Banner hired Watts to do the remix, since Watts became the preeminent ambassador of the screwed and chopped sound after DJ Screw's death. Mississippi: The Screwed and Chopped Album would sell roughly 50,000 copies throughout the South, as well as less likely places such as St. Louis, Philadelphia and Washington, D.C. Soon, Banner's label, Universal Records, would issue screwed and chopped remix versions of albums from their entire roster of Southern rap artists, including the Cash Money Records crew. Recently, artists like T.I., UGK and Mystikal released official screwed and chopped remixes of their albums, opening up an entirely new fanbase outside of H-Town.

"Our sales [on screwed and chopped CDs] grow by the month. We can't keep anything in stock," says Danny Blaq, who runs Baylo Entertainment, a national hip-hop CD distributor. "Wisconsin, Seattle, Illinois, even international. We sell to a lot of guys in the military."

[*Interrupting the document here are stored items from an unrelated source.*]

lemma ramsey_prop_mono: "ramsey_prop l k n \<Longrightarrow> n \<le> m \<Longrightarrow> ramsey_prop l k m"
  by (simp add: ramsey_prop_imp_ramsey_on ramsey_prop_iff_ramsey_on[of l k m])

lemma ramsey_prop_Suc_Suc:
  assumes p: "ramsey_prop a (Suc b) p" and q: "ramsey_prop (Suc a) b q" and "0 < p + q"
  shows "ramsey_prop (Suc a) (Suc b) (p + q)"
proof -
  obtain n where n: "p + q = Suc n"
    using \<open>0 < p + q\<close> gr0_implies_Suc by blast
  show ?thesis
    unfolding ramsey_prop_iff_ramsey_on n ramsey_on_def
  proof
    fix col :: "nat set \<Rightarrow> bool"
    define Red where "Red = {u\<in>{..<n}. col {u, n} = True}"
    define Blue where "Blue = {u\<in>{..<n}. col {u, n} = False}"
    have "Red \<union> Blue = {..<n}" "Red \<inter> Blue = {}" "finite Red" "finite Blue"
      by (auto simp: Red_def Blue_def)
    then have "card Red + card Blue = n"
      using card_Un_disjoint[of Red Blue] by simp
    then consider "p \<le> card Red" | "q \<le> card Blue"
      using n by linarith
    then show "has_mono_clique col True (Suc a) {..<Suc n} \<or>
        has_mono_clique col False (Suc b) {..<Suc n}"
    proof cases
      case 1
      then have "ramsey_on a (Suc b) Red"
        using ramsey_prop_imp_ramsey_on[OF p \<open>finite Red\<close>] by simp
      then have "has_mono_clique col True a Red \<or> has_mono_clique col False (Suc b) Red"
        unfolding ramsey_on_def by blast
      then show ?thesis
      proof
        assume "has_mono_clique col True a Red"
        then have "has_mono_clique col True (Suc a) {..<Suc n}"
          by (rule has_mono_clique_cone[where v = n]) (auto simp: Red_def)
        then show ?thesis ..
      qed (auto simp: Red_def intro: has_mono_clique_mono)
    next
      case 2
      then have "ramsey_on (Suc a) b Blue"
        using ramsey_prop_imp_ramsey_on[OF q \<open>finite Blue\<close>] by simp
      then have "has_mono_clique col True (Suc a) Blue \<or> has_mono_clique col False b Blue"
        unfolding ramsey_on_def by blast
      then show ?thesis
      proof
        assume "has_mono_clique col False b Blue"
        then have "has_mono_clique col False (Suc b) {..<Suc n}"
          by (rule has_mono_clique_cone[where v = n]) (auto simp: Blue_def)
        then show ?thesis ..
      qed (auto simp: Blue_def intro: has_mono_clique_mono)
    qed
  qed
qed
lemma avg_PiE_dflt_coordinate:
  assumes "finite C" "c \<in> C" and "\<And>x. x \<in> C \<Longrightarrow> finite (B x) \<and> B x \<noteq> {}"
  shows "avg (PiE_dflt C d B) (\<lambda>Y. F (Y c)) = avg (B c) F"
proof -
  let ?g = "\<lambda>c' v. if c' = c then F v else 1"
  have "avg (PiE_dflt C d B) (\<lambda>Y. F (Y c)) = avg (PiE_dflt C d B) (\<lambda>Y. \<Prod>c'\<in>C. ?g c' (Y c'))"
    using assms by (simp add: prod.delta)
  also have "\<dots> = (\<Prod>c'\<in>C. avg (B c') (?g c'))"
    using assms by (intro avg_PiE_dflt_prod) auto
  also have "\<dots> = (\<Prod>c'\<in>C. if c' = c then avg (B c) F else 1)"
    using assms by (intro prod.cong) (auto simp: avg_const)
  also have "\<dots> = avg (B c) F"
    using assms by (simp add: prod.delta)
  finally show ?thesis .
qed

lemma exp_weighted_sum_le:
  fixes x \<mu> :: "'a \<Rightarrow> real"
  assumes "finite A" "\<And>y. y \<in> A \<Longrightarrow> 0 \<le> \<mu> y" "sum \<mu> A = 1"
  shows "exp (\<Sum>y\<in>A. \<mu> y * x y) \<le> (\<Sum>y\<in>A. \<mu> y * exp (x y))"
  using convex_on_sum[OF assms(1) _ exp_convex assms(3,2)] assms(3) by fastforce

lemma exp_avg_le_avg_exp:
  assumes "finite A" "A \<noteq> {}"
  shows "exp (avg A g) \<le> avg A (\<lambda>x. exp (g x))"
  using exp_weighted_sum_le[of A "\<lambda>_. 1 / real (card A)" g] assms
  by (simp add: avg_def sum_divide_distrib)

lemma Max_avg_le_avg_Max:
  assumes "finite H" "H \<noteq> {}"
  shows "Max ((\<lambda>h. avg A (F h)) ` H) \<le> avg A (\<lambda>y. Max ((\<lambda>h. F h y) ` H))"
  using assms by (auto intro!: avg_mono Max_ge)

lemma Max_add_le:
  fixes u v :: "'h \<Rightarrow> real"
  assumes "finite H" "H \<noteq> {}"
  shows "Max ((\<lambda>h. u h + v h) ` H) \<le> Max (u ` H) + Max (v ` H)"
  using assms by (intro Max.boundedI) (auto intro!: add_mono Max_ge)

lemma Max_image_diff_le:
  fixes u v :: "'h \<Rightarrow> real"
  assumes "finite H" "H \<noteq> {}" and "\<And>h. h \<in> H \<Longrightarrow> \<bar>u h - v h\<bar> \<le> c"
  shows "\<bar>Max (u ` H) - Max (v ` H)\<bar> \<le> c"
proof -
  have "Max (u ` H) \<le> Max (v ` H) + c" if "\<And>h. h \<in> H \<Longrightarrow> u h \<le> v h + c" for u v :: "'h \<Rightarrow> real"
    using assms(1,2) that by (intro Max.boundedI) (auto intro: order.trans[OF _ add_right_mono[OF Max_ge]])
  from this[of u v] this[of v u] show ?thesis using assms(3) by (fastforce simp: abs_le_iff)
qed

lemma Max_weighted_sum_le:
  fixes F :: "'y \<Rightarrow> 'h \<Rightarrow> real"
  assumes "finite H" "H \<noteq> {}" "finite A" "\<And>y. y \<in> A \<Longrightarrow> 0 \<le> \<mu> y"
  shows "Max ((\<lambda>h. \<Sum>y\<in>A. \<mu> y * F y h) ` H) \<le> (\<Sum>y\<in>A. \<mu> y * Max ((\<lambda>h. F y h) ` H))"
  using assms by (intro Max.boundedI) (auto intro!: sum_mono mult_left_mono Max_ge)

section \<open>Concentration inequalities\<close>

lemma hoeffdings_lemma_avg:
  fixes g :: "'a \<Rightarrow> real"
  assumes "finite A" "A \<noteq> {}" and "\<And>x. x \<in> A \<Longrightarrow> a \<le> g x \<and> g x \<le> b" and "l > 0"
  shows "avg A (\<lambda>x. exp (l * (g x - avg A g))) \<le> exp (l\<^sup>2 * (b - a)\<^sup>2 / 8)"
proof -
  let ?M = "measure_pmf (pmf_of_set A)"
  interpret interval_bounded_random_variable ?M g a b
    by unfold_locales (use assms in \<open>auto simp: AE_measure_pmf_iff\<close>)
  have E: "integral\<^sup>L ?M h = avg A h" for h
    using assms by (simp add: integral_pmf_of_set avg_def)
  have "ennreal (avg A (\<lambda>x. exp (l * (g x - avg A g))))
      = (\<integral>\<^sup>+ x. ennreal (exp (l * (g x - integral\<^sup>L ?M g))) \<partial>?M)"
    using assms by (subst nn_integral_eq_integral) (auto simp: E integrable_measure_pmf_finite)
  also have "\<dots> \<le> ennreal (exp (l\<^sup>2 * (b - a)\<^sup>2 / 8))"
    by (rule Hoeffdings_lemma_nn_integral[OF \<open>l > 0\<close>])
  finally show ?thesis by (simp add: ennreal_le_iff)
qed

The slowed-down sound of screwed and chopped has also started to ooze into the mainstream. The lethargic pace of "Still Tippin' " — which borrows its hook from a Slim Thug screwed and chopped freestyle — belies the big beats of most other hip-hop, instead mimicking the slower rhythms often found in screwed remixes of hip-hop songs. Subsequent singles from Jones, Wall and the rest of Houston's new generation of rap stars follow a similar template.

The sound even seems to be influencing artists outside of hip-hop. Ciara's hit "Oh," with its creeping bassline and pulsing reverberations, moves at a dramatically slower pace than most contemporary R&B songs, a style its producers, Dre & Vidal, readily admit was influenced by the screwed and chopped sound. "When I first heard [screwed] music, I was like, 'What is this? Is this a mistake?,' " laughs Dre. "We kind of ran with it and put our little twist on it for the Ciara record."

Still, no matter how big the sound of Houston gets and how far across the globe it reaches, screwed and chopped music will always be a part of the city's identity — and that of its namesake, DJ Screw.

"Screw music is important to the culture — it's what holds the culture together here in Texas," says Paul Wall. "So when we say the word 'screwed,' it's a lot deeper than just the music being slowed down. It's upholding a legacy."

"That's the one thing," Bun B says. "No matter what happens: If I stop, the Geto Boys stop, and nobody else writes a rhyme, in the history books [it will say], 'Screw music: Houston, Texas.' They can't take that away."